A recent example is the spectacle of white nationalism that took place in Charlottesville, Virginia. It was a spectacle that allowed white people to march with props such as red hats and tiki torches as they chanted their racist fantasies. When people participate in spectacles it gives them the opportunity to learn about and understand the ideas embedded in the spectacle in a more profound and impactful way.

I know this because I, like performance professors and instructors around the world, use spectacle to teach students how to imagine another world. I know what happens when people are given the opportunity to imagine themselves in a different way and present it to others.

So, when I witness spectacles such as that of the Trump presidency or the Mayweather-McGregor fight, I think about what kinds of ideas and actions the participants in the spectacle will be inspired to develop, having had the opportunity to perform and be seen by an audience.

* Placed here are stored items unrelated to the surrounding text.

lemma var_weight_formula:
  assumes "n \<le> 2^k"
  shows "var_weight k n = (real n)^2 * (1/2)^(k+1) - ((real n)^3 - real n) / 3 * (1/4)^k"
proof (cases "n = 0")
  case False
  define h :: real where "h = 2^k"
  have h_pos: "h > 0" by (simp add: h_def)
  have powers: "(1/2::real)^(k+1) = 1/(2*h)" "(1/4::real)^k = 1/h^2"
    by (simp_all add: h_def half_quarter_powers)
  have "sq_incr (period k) n = 2*h*(real n)^2 - 4/3*((real n)^3 - real n)"
    using sq_incr_formula[of n "2^k"] False assms by (simp add: period_def h_def)
  moreover have "real (period k) = 2*h" by (simp add: period_def h_def)
  ultimately show ?thesis
    using h_pos unfolding var_weight_def powers
    by (simp add: field_simps power2_eq_square power3_eq_cube)
qed (simp add: var_weight_def sq_incr_def)

(* Those terms are geometric in k, so the tail of the series sums in closed form. *)
lemma var_weight_tail:
  assumes "n \<le> 2^K"
  shows "(\<lambda>j. var_weight (j + K) n)
           sums ((real n)^2 * (1/2)^K - 4/9 * ((real n)^3 - real n) * (1/4)^K)"
proof -
  have bound: "n \<le> 2^(j + K)" for j
    using assms by (meson le_add2 order_trans power_increasing_iff one_less_numeral_iff semiring_norm(76))
  have weights: "(\<lambda>j. var_weight (j + K) n)
      = (\<lambda>j. (real n)^2 * (1/2)^(K+1) * (1/2)^j - ((real n)^3 - real n) / 3 * (1/4)^K * (1/4)^j)"
    using var_weight_formula[OF bound] by (simp add: power_add mult_ac)
  have "(\<lambda>j. var_weight (j + K) n)
      sums ((real n)^2 * (1/2)^(K+1) * 2 - ((real n)^3 - real n) / 3 * (1/4)^K * (4/3))"
    unfolding weights using geometric_sums[of "1/2::real"] geometric_sums[of "1/4::real"]
    by (intro sums_diff sums_mult) simp_all
  also have "(real n)^2 * (1/2)^(K+1) * 2 - ((real n)^3 - real n) / 3 * (1/4)^K * (4/3)
      = (real n)^2 * (1/2)^K - 4/9 * ((real n)^3 - real n) * (1/4)^K"
    by simp
  finally show ?thesis .
qed

lemma variance_model_split:
  assumes "n \<le> 2^K"
  shows "measure_pmf.variance model (partial_sum coord n)
           = (\<Sum>k<K. var_weight k n) + ((real n)^2 * (1/2)^K - 4/9 * ((real n)^3 - real n) * (1/4)^K)"
proof -
  have "(\<lambda>k. var_weight k n)
      sums ((real n)^2 * (1/2)^K - 4/9 * ((real n)^3 - real n) * (1/4)^K + (\<Sum>k<K. var_weight k n))"
    using var_weight_tail[OF assms] sums_iff_shift by blast
  from sums_unique2[OF variance_model_sums this] show ?thesis by linarith
qed

lemma period_dvd_pow2: "k < r \<Longrightarrow> period k dvd 2^r"
  unfolding period_def by (rule le_imp_power_dvd) (simp add: Suc_leI)

lemma variance_pow2:
  "measure_pmf.variance model (partial_sum coord (2^r)) = 5/9 * 2^r + 4/9 / 2^r"
proof -
  define x :: real where "x = 2^r"
  have x_pos: "x > 0" by (simp add: x_def)
  have "(\<Sum>k<r. var_weight k (2^r)) = 0" by (simp add: var_weight_zero period_dvd_pow2)
  then have "measure_pmf.variance model (partial_sum coord (2^r))
      = x^2 * (1/x) - 4/9 * (x^3 - x) * (1/x^2)"
    using variance_model_split[of "2^r" r] by (simp add: half_quarter_powers x_def)
  also have "\<dots> = 5/9 * x + 4/9 / x"
    using x_pos by (simp add: field_simps power2_eq_square power3_eq_cube)
  finally show ?thesis by (simp add: x_def)
qed

lemma variance_three_pow2:
  "measure_pmf.variance model (partial_sum coord (3 * 2^r)) = 11/6 * 2^r + 1/2 / 2^r"
proof -
  define x :: real where "x = 2^r"
  have x_pos: "x > 0" by (simp add: x_def)
  have low: "(\<Sum>k<r. var_weight k (3 * 2^r)) = 0"
    by (simp add: var_weight_zero period_dvd_pow2 dvd_mult)
  have "(3 * 2^r) mod period r = 2^r"
    by (simp add: period_def)
  then have "var_weight r (3 * 2^r) = var_weight r (2^r)"
    by (metis sq_incr_mod var_weight_def)
  also have "\<dots> = x^2 * (1/(2*x)) - (x^3 - x) / 3 * (1/x^2)"
    using var_weight_formula[of "2^r" r] by (simp add: half_quarter_powers x_def)
  finally have mid: "var_weight r (3 * 2^r) = x^2 * (1/(2*x)) - (x^3 - x) / 3 * (1/x^2)" .
  have "period (r + 1) - 2^r = 3 * 2^r" by (simp add: period_def)
  then have "var_weight (r + 1) (3 * 2^r) = var_weight (r + 1) (2^r)"
    using sq_incr_reflect[of "2^r" "period (r + 1)"] period_pos[of "r + 1"]
    by (simp add: var_weight_def period_def)
  also have "\<dots> = x^2 * (1/(4*x)) - (x^3 - x) / 3 * (1/(4*x^2))"
    using var_weight_formula[of "2^r" "r + 1"] by (simp add: half_quarter_powers x_def)
  finally have high: "var_weight (r + 1) (3 * 2^r) = x^2 * (1/(4*x)) - (x^3 - x) / 3 * (1/(4*x^2))" .
  have "(3 * 2^r::nat) \<le> 2^(r + 2)" by simp
  from variance_model_split[OF this]
  have "measure_pmf.variance model (partial_sum coord (3 * 2^r))
      = x^2 * (1/(2*x)) - (x^3 - x) / 3 * (1/x^2) + (x^2 * (1/(4*x)) - (x^3 - x) / 3 * (1/(4*x^2)))
        + ((3*x)^2 * (1/(4*x)) - 4/9 * ((3*x)^3 - 3*x) * (1/(16*x^2)))"
    using low mid high by (simp add: numeral_2_eq_2 half_quarter_powers x_def)
  also have "\<dots> = 11/6 * x + 1/2 / x"
    using x_pos by (simp add: field_simps power2_eq_square power3_eq_cube)
  finally show ?thesis by (simp add: x_def)
qed

lemma normalized_variance_pow2:
  "(\<lambda>r. measure_pmf.variance model (partial_sum coord (2^r)) / 2^r) \<longlonglongrightarrow> 5/9"
  unfolding variance_pow2 by real_asymp

lemma normalized_variance_three_pow2:
  "(\<lambda>r. measure_pmf.variance model (partial_sum coord (3 * 2^r)) / real (3 * 2^r)) \<longlonglongrightarrow> 11/18"
  unfolding variance_three_pow2 by real_asymp

lemma not_convergent_two_subsequences:
  fixes f :: "nat \<Rightarrow> 'a::t2_space"
  assumes "strict_mono g" "(f \<circ> g) \<longlonglongrightarrow> a"
    and "strict_mono h" "(f \<circ> h) \<longlonglongrightarrow> b" and "a \<noteq> b"
  shows "\<not> convergent f"
proof
  assume "convergent f"
  then obtain L where "f \<longlonglongrightarrow> L" by (auto simp: convergent_def)
  then have "(f \<circ> g) \<longlonglongrightarrow> L" "(f \<circ> h) \<longlonglongrightarrow> L"
    using assms LIMSEQ_subseq_LIMSEQ by blast+
  then show False using assms LIMSEQ_unique by metis
qed

theorem proposition2:
  shows "\<exists>(M :: (nat \<Rightarrow> real) measure) (X :: nat \<Rightarrow> (nat \<Rightarrow> real) \<Rightarrow> real).
           prob_space M \<and> centred_weakly_stationary M X \<and>
           (\<exists>L. 0 < L \<and>
              (\<lambda>r. prob_space.variance M (partial_sum X (2^r)) / 2^r) \<longlonglongrightarrow> L) \<and>
           \<not> convergent (\<lambda>n. prob_space.variance M (partial_sum X n) / real n)"
proof (intro exI conjI)
  show "prob_space (measure_pmf model)" by (rule prob_space_measure_pmf)
  show "centred_weakly_stationary (measure_pmf model) coord"
    by (rule model_centred_weakly_stationary)
  show "0 < (5/9::real)" by simp
  show "(\<lambda>r. measure_pmf.variance model (partial_sum coord (2^r)) / 2^r) \<longlonglongrightarrow> 5/9"
    by (rule normalized_variance_pow2)
  have "strict_mono (\<lambda>r::nat. (2::nat)^r)" "strict_mono (\<lambda>r::nat. 3 * (2::nat)^r)"
    by (auto intro: strict_monoI)
  then show "\<not> convergent (\<lambda>n. measure_pmf.variance model (partial_sum coord n) / real n)"
    using normalized_variance_pow2 normalized_variance_three_pow2
    by (intro not_convergent_two_subsequences[of "\<lambda>r. 2^r" _ "5/9" "\<lambda>r. 3 * 2^r" "11/18"])
       (simp_all add: o_def)
qed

When I observe the spectacles of the Trump presidency and the Mayweather-McGregor fight, I think about what ideas and actions they will inspire in their audience members and especially in their central performers. That is the central question to ask of any spectacle: What will the lead performers imagine next?

For Floyd Mayweather, I'd like to see him use his newly expanded public platform to denounce domestic violence, given his familiarity with the issue.

For Mr. McGregor, I'd like to see him familiarize himself with the impacts of anti-black racism on African-Americans, given that he basically copied the name of the famous black hip-hop artist Christopher Wallace, who was known as The Notorious B.I.G. It's tone deaf and boring for Mr. McGregor to take so blatantly from black culture and then play ignorant possum when rightfully questioned by the media about the racist, anti-black undertones of his words and actions leading up to the fight.

As for Mr. Trump, well, as we know, that's the real spectacle to watch. Mayweather versus McGregor was just a distraction.